Smart Home Control: AI Agents can be used to control smart home devices, optimize energy usage, and provide security monitoring.
Education and Training: In the education sector, AI Agents can serve as teaching assistants, providing customized learning path suggestions and answering student questions.
Gaming and Entertainment: AI Agents can enhance gaming experiences by interacting with players through AI-controlled NPCs (non-player characters) and even assisting in game content development.
Research and Development: In scientific research or software development, AI Agents can perform automated experimental design, code generation, bug fixing, and other tasks.
The application of AI Agents is increasingly valued because they can autonomously execute complex tasks, and their potential in various industries is continually being explored and expanded.

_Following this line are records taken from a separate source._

(* Let $A\in\mathbb{B}(\mathcal{H})$ with Cartesian decomposition $A=B+iC$ ($B,C$ self-adjoint), let $r\ge2$, $p,q>1$ with $\frac1p+\frac1q=1$, and let $f_1,g_1,f_2,g_2$ be non-negative continuous functions on $[0,\infty)$ with $f_1(t)g_1(t)=f_2(t)g_2(t)=t$ for all $t\ge0$. Then \[ w^r(A)\le\frac12\left\|f_1^{rp}(|B+C|)+f_2^{rp}(|B-C|)\right\|^{1/p}\left\|g_1^{rq}(|B+C|)+g_2^{rq}(|B-C|)\right\|^{1/q} \] and \[ w^r(A)\le\frac12\left\|f_1^{rp}(|B+C|)+g_2^{rp}(|B-C|)\right\|^{1/p}\left\|g_1^{rq}(|B+C|)+f_2^{rq}(|B-C|)\right\|^{1/q}. \]
   Context: $\mathcal{H}$ is a complex Hilbert space; $w(X)=\sup\{|\langle Xx,x\rangle|:\|x\|=1\}$ is the numerical radius; $|X|=(X^*X)^{1/2}$; the Cartesian decomposition is $B=\frac{A+A^*}{2}$, $C=\frac{A-A^*}{2i}$; $f^s(|X|)$ denotes $(f(|X|))^s$ via continuous functional calculus; $\|\cdot\|$ is the operator norm. *)

theory Defs
  imports "HOL-Analysis.Analysis" "HOL-Computational_Algebra.Polynomial"
begin

class chilbert = ab_group_add +
  fixes hscale :: "complex \<Rightarrow> 'a \<Rightarrow> 'a" (infixr \<open>*\<^sub>H\<close> 75)
    and hinner :: "'a \<Rightarrow> 'a \<Rightarrow> complex"
  assumes hscale_add_right: "a *\<^sub>H (x + y) = a *\<^sub>H x + a *\<^sub>H y"
    and hscale_add_left: "(a + b) *\<^sub>H x = a *\<^sub>H x + b *\<^sub>H x"
    and hscale_hscale: "a *\<^sub>H (b *\<^sub>H x) = (a * b) *\<^sub>H x"
    and hscale_one: "1 *\<^sub>H x = x"
    and hinner_add_right: "hinner x (y + z) = hinner x y + hinner x z"
    and hinner_scale_right: "hinner x (a *\<^sub>H y) = a * hinner x y"
    and hinner_commute: "hinner x y = cnj (hinner y x)"
    and hinner_nonneg: "0 \<le> Re (hinner x x)"
    and hinner_eq_zero: "hinner x x = 0 \<Longrightarrow> x = 0"
    and hcomplete: "(\<forall>e>0. \<exists>N. \<forall>m\<ge>N. \<forall>n\<ge>N.
                       sqrt (Re (hinner (X m - X n) (X m - X n))) < e)
                    \<Longrightarrow> \<exists>L. (\<lambda>n. sqrt (Re (hinner (X n - L) (X n - L)))) \<longlonglongrightarrow> 0"

definition hnorm :: "'a::chilbert \<Rightarrow> real" where
  "hnorm x = sqrt (Re (hinner x x))"

definition bounded_op :: "('a::chilbert \<Rightarrow> 'a) \<Rightarrow> bool" where
  "bounded_op T \<longleftrightarrow> (\<forall>x y. T (x + y) = T x + T y) \<and> (\<forall>a x. T (a *\<^sub>H x) = a *\<^sub>H T x)
     \<and> (\<exists>K. \<forall>x. hnorm (T x) \<le> K * hnorm x)"

definition opnorm :: "('a::chilbert \<Rightarrow> 'a) \<Rightarrow> real" where
  "opnorm T = Sup {hnorm (T x) | x. hnorm x \<le> 1}"

definition adjoint :: "('a::chilbert \<Rightarrow> 'a) \<Rightarrow> ('a \<Rightarrow> 'a)" where
  "adjoint T = (SOME S. \<forall>x y. hinner (T x) y = hinner x (S y))"

definition selfadjoint :: "('a::chilbert \<Rightarrow> 'a) \<Rightarrow> bool" where
  "selfadjoint T \<longleftrightarrow> (\<forall>x y. hinner (T x) y = hinner x (T y))"

text \<open>Numerical radius (sup over the closed unit ball; equal to the sup over
  the unit sphere for nonzero spaces, and 0 for the zero space).\<close>
definition numrad :: "('a::chilbert \<Rightarrow> 'a) \<Rightarrow> real" where
  "numrad T = Sup {cmod (hinner x (T x)) | x. hnorm x \<le> 1}"

definition poly_op :: "real poly \<Rightarrow> ('a::chilbert \<Rightarrow> 'a) \<Rightarrow> ('a \<Rightarrow> 'a)" where
  "poly_op P T = (\<lambda>x. \<Sum>i\<le>degree P. complex_of_real (coeff P i) *\<^sub>H (T ^^ i) x)"

text \<open>A compact interval containing the spectrum of a self-adjoint operator T.\<close>
definition spec_lo :: "('a::chilbert \<Rightarrow> 'a) \<Rightarrow> real" where
  "spec_lo T = Inf {Re (hinner x (T x)) | x. hnorm x \<le> 1}"

definition spec_hi :: "('a::chilbert \<Rightarrow> 'a) \<Rightarrow> real" where
  "spec_hi T = Sup {Re (hinner x (T x)) | x. hnorm x \<le> 1}"

text \<open>f(T): the operator-norm limit of P_n(T) for any sequence of real polynomials
  P_n converging uniformly to f on an interval containing the spectrum of T
  (Weierstrass approximation); this is the continuous functional calculus.\<close>
definition fcalc :: "(real \<Rightarrow> real) \<Rightarrow> ('a::chilbert \<Rightarrow> 'a) \<Rightarrow> ('a \<Rightarrow> 'a)" where
  "fcalc f T = (THE S. bounded_op S \<and>
     (\<forall>P :: nat \<Rightarrow> real poly.
        (\<forall>e>0. \<exists>N. \<forall>n\<ge>N. \<forall>t\<in>{spec_lo T..spec_hi T}. \<bar>poly (P n) t - f t\<bar> < e)
        \<longrightarrow> (\<lambda>n. opnorm (\<lambda>x. poly_op (P n) T x - S x)) \<longlonglongrightarrow> 0))"

definition absop :: "('a::chilbert \<Rightarrow> 'a) \<Rightarrow> ('a \<Rightarrow> 'a)" where
  "absop X = fcalc sqrt (\<lambda>x. adjoint X (X x))"

text \<open>f^s(|X|) = (f(|X|))^s, i.e. (fpow f s X) with X already the positive operator.\<close>
definition fpow :: "(real \<Rightarrow> real) \<Rightarrow> real \<Rightarrow> ('a::chilbert \<Rightarrow> 'a) \<Rightarrow> ('a \<Rightarrow> 'a)" where
  "fpow f s X = fcalc (\<lambda>t. t powr s) (fcalc f X)"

These functionalities and uses demonstrate how AI Agents can simplify processes, enhance efficiency, and open up new application fields through intelligent means.
(3) Challenges and Development Directions of On-chain AI Agents
At present, on-chain AI agents face issues such as limited computing resources, low intelligence levels, and difficulties in integrating with other blockchain components. In the future, further optimization of blockchain technology is needed to enhance its processing capacity and scalability, while strengthening the deep integration of artificial intelligence technology with blockchain technology to develop smarter and more efficient on-chain AI agents. Additionally, a comprehensive regulatory framework and standards need to be established to ensure the legal and compliant operation of on-chain AI agents.